━━━━━ INFORMATION SUPPLIED ━━━━━

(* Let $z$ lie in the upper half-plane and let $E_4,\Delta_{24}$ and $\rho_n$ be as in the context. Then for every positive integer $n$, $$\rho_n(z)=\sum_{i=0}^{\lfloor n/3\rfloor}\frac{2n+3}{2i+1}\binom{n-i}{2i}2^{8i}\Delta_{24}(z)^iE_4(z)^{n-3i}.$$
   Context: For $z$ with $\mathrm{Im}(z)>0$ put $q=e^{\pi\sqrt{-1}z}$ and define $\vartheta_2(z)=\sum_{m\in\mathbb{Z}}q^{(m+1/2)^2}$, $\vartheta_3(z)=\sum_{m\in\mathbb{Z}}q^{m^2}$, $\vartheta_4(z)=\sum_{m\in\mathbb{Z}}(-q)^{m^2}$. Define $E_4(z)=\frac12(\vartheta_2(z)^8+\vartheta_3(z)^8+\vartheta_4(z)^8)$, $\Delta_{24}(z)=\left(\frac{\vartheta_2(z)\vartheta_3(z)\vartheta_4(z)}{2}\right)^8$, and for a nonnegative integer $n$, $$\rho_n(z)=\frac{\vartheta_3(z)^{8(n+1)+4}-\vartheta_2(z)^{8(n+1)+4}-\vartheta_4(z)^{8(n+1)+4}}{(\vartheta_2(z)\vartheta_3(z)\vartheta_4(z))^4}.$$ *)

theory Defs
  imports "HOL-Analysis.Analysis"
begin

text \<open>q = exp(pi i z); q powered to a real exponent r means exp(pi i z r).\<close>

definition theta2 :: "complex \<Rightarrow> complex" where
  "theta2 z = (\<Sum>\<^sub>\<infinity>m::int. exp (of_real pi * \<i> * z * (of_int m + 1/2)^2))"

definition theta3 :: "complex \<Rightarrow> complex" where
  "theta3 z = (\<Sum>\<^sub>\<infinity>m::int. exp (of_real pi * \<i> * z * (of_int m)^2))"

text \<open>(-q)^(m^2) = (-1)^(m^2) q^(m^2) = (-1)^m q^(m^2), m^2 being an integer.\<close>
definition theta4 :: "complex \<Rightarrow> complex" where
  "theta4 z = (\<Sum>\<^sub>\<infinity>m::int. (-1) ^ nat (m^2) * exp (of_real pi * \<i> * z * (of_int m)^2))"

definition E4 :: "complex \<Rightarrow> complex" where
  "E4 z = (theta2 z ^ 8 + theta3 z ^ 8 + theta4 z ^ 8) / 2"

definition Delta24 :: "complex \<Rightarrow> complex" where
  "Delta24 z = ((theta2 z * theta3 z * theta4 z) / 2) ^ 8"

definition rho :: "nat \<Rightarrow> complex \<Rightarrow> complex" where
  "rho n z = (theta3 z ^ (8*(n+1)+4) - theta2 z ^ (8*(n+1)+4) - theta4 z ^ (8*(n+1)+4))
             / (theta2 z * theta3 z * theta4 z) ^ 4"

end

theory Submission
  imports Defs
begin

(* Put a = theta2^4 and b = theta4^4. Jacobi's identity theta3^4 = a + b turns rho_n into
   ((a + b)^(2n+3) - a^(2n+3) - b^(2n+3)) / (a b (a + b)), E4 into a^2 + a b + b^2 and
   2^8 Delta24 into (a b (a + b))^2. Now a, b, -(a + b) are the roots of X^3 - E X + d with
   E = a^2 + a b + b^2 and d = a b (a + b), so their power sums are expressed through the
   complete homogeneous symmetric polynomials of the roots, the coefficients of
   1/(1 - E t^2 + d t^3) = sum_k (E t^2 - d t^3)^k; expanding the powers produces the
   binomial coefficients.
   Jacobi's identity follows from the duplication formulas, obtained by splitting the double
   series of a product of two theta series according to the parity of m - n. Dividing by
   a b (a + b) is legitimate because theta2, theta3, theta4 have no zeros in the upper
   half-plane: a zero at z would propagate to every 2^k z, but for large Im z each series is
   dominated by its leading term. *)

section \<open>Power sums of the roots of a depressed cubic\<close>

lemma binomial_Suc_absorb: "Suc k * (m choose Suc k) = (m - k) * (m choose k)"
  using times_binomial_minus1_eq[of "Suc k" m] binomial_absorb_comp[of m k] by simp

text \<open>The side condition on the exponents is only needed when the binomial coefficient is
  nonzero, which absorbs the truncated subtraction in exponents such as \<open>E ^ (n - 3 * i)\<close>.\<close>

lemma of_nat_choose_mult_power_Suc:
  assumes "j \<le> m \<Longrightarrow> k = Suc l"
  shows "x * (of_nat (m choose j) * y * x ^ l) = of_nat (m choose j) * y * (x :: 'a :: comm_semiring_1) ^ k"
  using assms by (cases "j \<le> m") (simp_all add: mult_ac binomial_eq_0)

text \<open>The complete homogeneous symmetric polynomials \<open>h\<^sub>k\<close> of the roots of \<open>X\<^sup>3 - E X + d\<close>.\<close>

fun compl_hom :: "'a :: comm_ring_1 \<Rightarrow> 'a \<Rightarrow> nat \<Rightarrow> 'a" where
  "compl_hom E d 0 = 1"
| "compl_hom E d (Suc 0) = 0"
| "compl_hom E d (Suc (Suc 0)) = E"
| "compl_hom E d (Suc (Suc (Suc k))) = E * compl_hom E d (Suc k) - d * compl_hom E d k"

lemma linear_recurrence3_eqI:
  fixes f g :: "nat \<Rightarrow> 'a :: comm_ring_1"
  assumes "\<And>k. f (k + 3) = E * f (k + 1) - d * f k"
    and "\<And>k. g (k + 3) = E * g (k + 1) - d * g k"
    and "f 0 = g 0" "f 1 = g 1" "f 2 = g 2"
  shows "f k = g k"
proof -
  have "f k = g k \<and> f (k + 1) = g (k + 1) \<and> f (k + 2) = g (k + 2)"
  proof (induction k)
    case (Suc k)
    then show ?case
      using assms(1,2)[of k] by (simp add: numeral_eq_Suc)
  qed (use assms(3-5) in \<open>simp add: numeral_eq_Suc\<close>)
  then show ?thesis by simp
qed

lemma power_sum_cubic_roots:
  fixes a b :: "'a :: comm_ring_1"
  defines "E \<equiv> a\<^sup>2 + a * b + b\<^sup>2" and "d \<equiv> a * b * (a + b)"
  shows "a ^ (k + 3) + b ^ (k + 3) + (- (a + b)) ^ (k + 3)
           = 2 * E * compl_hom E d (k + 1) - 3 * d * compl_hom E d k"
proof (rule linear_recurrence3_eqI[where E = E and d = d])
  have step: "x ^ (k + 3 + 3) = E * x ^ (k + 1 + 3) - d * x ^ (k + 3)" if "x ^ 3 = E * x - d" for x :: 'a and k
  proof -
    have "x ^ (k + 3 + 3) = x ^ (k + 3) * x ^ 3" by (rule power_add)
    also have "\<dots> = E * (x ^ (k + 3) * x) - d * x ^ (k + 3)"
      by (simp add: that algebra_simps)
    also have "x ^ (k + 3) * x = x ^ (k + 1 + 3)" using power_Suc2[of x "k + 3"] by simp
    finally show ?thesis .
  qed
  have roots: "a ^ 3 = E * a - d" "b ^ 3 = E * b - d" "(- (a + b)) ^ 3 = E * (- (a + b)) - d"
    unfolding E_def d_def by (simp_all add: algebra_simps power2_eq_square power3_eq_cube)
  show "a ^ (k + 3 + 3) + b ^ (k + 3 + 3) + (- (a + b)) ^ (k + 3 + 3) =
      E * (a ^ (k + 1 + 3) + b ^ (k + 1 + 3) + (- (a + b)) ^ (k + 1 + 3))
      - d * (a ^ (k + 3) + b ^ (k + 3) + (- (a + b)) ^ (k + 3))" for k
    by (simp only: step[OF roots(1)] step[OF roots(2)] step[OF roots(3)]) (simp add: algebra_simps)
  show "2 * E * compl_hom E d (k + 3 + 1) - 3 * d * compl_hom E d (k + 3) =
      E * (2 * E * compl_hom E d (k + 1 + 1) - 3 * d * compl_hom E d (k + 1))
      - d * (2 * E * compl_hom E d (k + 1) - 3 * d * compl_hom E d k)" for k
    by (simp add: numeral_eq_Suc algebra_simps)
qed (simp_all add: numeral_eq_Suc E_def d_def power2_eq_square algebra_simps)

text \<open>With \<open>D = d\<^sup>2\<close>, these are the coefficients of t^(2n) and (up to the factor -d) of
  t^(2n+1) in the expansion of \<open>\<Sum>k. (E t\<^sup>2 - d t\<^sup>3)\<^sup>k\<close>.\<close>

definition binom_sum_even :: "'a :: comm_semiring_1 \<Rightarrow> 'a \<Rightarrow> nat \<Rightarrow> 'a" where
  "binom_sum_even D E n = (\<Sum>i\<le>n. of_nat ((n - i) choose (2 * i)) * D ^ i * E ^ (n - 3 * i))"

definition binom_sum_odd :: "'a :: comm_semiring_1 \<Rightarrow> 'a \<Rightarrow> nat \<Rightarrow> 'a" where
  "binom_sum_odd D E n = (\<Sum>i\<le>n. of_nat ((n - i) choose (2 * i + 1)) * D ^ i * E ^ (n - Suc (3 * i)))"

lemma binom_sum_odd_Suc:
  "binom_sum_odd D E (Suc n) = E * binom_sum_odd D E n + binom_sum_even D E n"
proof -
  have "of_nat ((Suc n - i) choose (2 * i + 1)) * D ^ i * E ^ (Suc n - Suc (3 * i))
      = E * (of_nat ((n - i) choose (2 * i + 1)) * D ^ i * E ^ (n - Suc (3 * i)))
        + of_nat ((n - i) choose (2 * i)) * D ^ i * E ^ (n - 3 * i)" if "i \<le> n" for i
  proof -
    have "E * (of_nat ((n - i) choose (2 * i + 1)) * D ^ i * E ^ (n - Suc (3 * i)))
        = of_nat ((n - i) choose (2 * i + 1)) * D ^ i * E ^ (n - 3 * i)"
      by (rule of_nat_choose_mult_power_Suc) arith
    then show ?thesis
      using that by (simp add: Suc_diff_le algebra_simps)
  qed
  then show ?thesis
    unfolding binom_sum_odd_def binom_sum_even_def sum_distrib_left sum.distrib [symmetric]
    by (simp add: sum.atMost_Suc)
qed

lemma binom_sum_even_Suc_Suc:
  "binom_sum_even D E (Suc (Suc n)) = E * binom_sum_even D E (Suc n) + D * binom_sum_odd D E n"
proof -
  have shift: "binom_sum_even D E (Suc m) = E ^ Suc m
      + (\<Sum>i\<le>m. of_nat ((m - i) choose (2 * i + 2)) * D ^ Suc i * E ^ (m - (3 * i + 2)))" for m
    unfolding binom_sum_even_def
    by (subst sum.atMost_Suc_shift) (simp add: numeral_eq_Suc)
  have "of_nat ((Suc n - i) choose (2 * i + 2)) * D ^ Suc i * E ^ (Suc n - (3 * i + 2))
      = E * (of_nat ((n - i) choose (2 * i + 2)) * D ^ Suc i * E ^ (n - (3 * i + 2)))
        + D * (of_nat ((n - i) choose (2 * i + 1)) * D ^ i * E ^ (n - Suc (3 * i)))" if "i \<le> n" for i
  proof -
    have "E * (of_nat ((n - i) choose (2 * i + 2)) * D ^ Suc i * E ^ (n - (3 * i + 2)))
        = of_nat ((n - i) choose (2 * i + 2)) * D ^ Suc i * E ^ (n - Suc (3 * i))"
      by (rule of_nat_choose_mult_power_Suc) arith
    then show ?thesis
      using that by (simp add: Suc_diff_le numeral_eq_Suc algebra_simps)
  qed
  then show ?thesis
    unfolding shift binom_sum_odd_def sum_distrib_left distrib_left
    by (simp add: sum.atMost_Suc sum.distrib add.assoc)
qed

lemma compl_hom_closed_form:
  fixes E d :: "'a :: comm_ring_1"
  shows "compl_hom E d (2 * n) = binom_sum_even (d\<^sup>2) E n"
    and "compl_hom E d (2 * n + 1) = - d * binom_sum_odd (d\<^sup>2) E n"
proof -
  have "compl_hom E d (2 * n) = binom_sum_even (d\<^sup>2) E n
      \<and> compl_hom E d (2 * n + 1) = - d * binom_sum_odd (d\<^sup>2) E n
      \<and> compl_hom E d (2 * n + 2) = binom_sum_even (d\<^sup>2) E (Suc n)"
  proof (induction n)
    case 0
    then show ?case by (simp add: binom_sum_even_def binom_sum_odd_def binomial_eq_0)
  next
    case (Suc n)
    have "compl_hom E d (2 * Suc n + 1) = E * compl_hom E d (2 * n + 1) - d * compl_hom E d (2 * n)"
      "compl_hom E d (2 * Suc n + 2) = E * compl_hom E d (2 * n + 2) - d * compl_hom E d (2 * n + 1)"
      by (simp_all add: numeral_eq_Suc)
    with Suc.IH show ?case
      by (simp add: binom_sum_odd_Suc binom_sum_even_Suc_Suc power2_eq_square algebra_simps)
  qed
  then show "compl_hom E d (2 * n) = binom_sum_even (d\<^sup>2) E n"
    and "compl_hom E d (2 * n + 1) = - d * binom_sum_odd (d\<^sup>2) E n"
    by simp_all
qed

━━━━━

→ PROBLEM TO SOLVE: Copy out the lines above word for word, stopping after the line containing "z = (theta2".

→ ANSWER SECTION:
(* Let $z$ lie in the upper half-plane and let $E_4,\Delta_{24}$ and $\rho_n$ be as in the context. Then for every positive integer $n$, $$\rho_n(z)=\sum_{i=0}^{\lfloor n/3\rfloor}\frac{2n+3}{2i+1}\binom{n-i}{2i}2^{8i}\Delta_{24}(z)^iE_4(z)^{n-3i}.$$
   Context: For $z$ with $\mathrm{Im}(z)>0$ put $q=e^{\pi\sqrt{-1}z}$ and define $\vartheta_2(z)=\sum_{m\in\mathbb{Z}}q^{(m+1/2)^2}$, $\vartheta_3(z)=\sum_{m\in\mathbb{Z}}q^{m^2}$, $\vartheta_4(z)=\sum_{m\in\mathbb{Z}}(-q)^{m^2}$. Define $E_4(z)=\frac12(\vartheta_2(z)^8+\vartheta_3(z)^8+\vartheta_4(z)^8)$, $\Delta_{24}(z)=\left(\frac{\vartheta_2(z)\vartheta_3(z)\vartheta_4(z)}{2}\right)^8$, and for a nonnegative integer $n$, $$\rho_n(z)=\frac{\vartheta_3(z)^{8(n+1)+4}-\vartheta_2(z)^{8(n+1)+4}-\vartheta_4(z)^{8(n+1)+4}}{(\vartheta_2(z)\vartheta_3(z)\vartheta_4(z))^4}.$$ *)

theory Defs
  imports "HOL-Analysis.Analysis"
begin

text \<open>q = exp(pi i z); q powered to a real exponent r means exp(pi i z r).\<close>

definition theta2 :: "complex \<Rightarrow> complex" where
  "theta2 z = (\<Sum>\<^sub>\<infinity>m::int. exp (of_real pi * \<i> * z * (of_int m + 1/2)^2))"

definition theta3 :: "complex \<Rightarrow> complex" where
  "theta3 z = (\<Sum>\<^sub>\<infinity>m::int. exp (of_real pi * \<i> * z * (of_int m)^2))"

text \<open>(-q)^(m^2) = (-1)^(m^2) q^(m^2) = (-1)^m q^(m^2), m^2 being an integer.\<close>
definition theta4 :: "complex \<Rightarrow> complex" where
  "theta4 z = (\<Sum>\<^sub>\<infinity>m::int. (-1) ^ nat (m^2) * exp (of_real pi * \<i> * z * (of_int m)^2))"

definition E4 :: "complex \<Rightarrow> complex" where
  "E4 z = (theta2 z ^ 8 + theta3 z ^ 8 + theta4 z ^ 8) / 2"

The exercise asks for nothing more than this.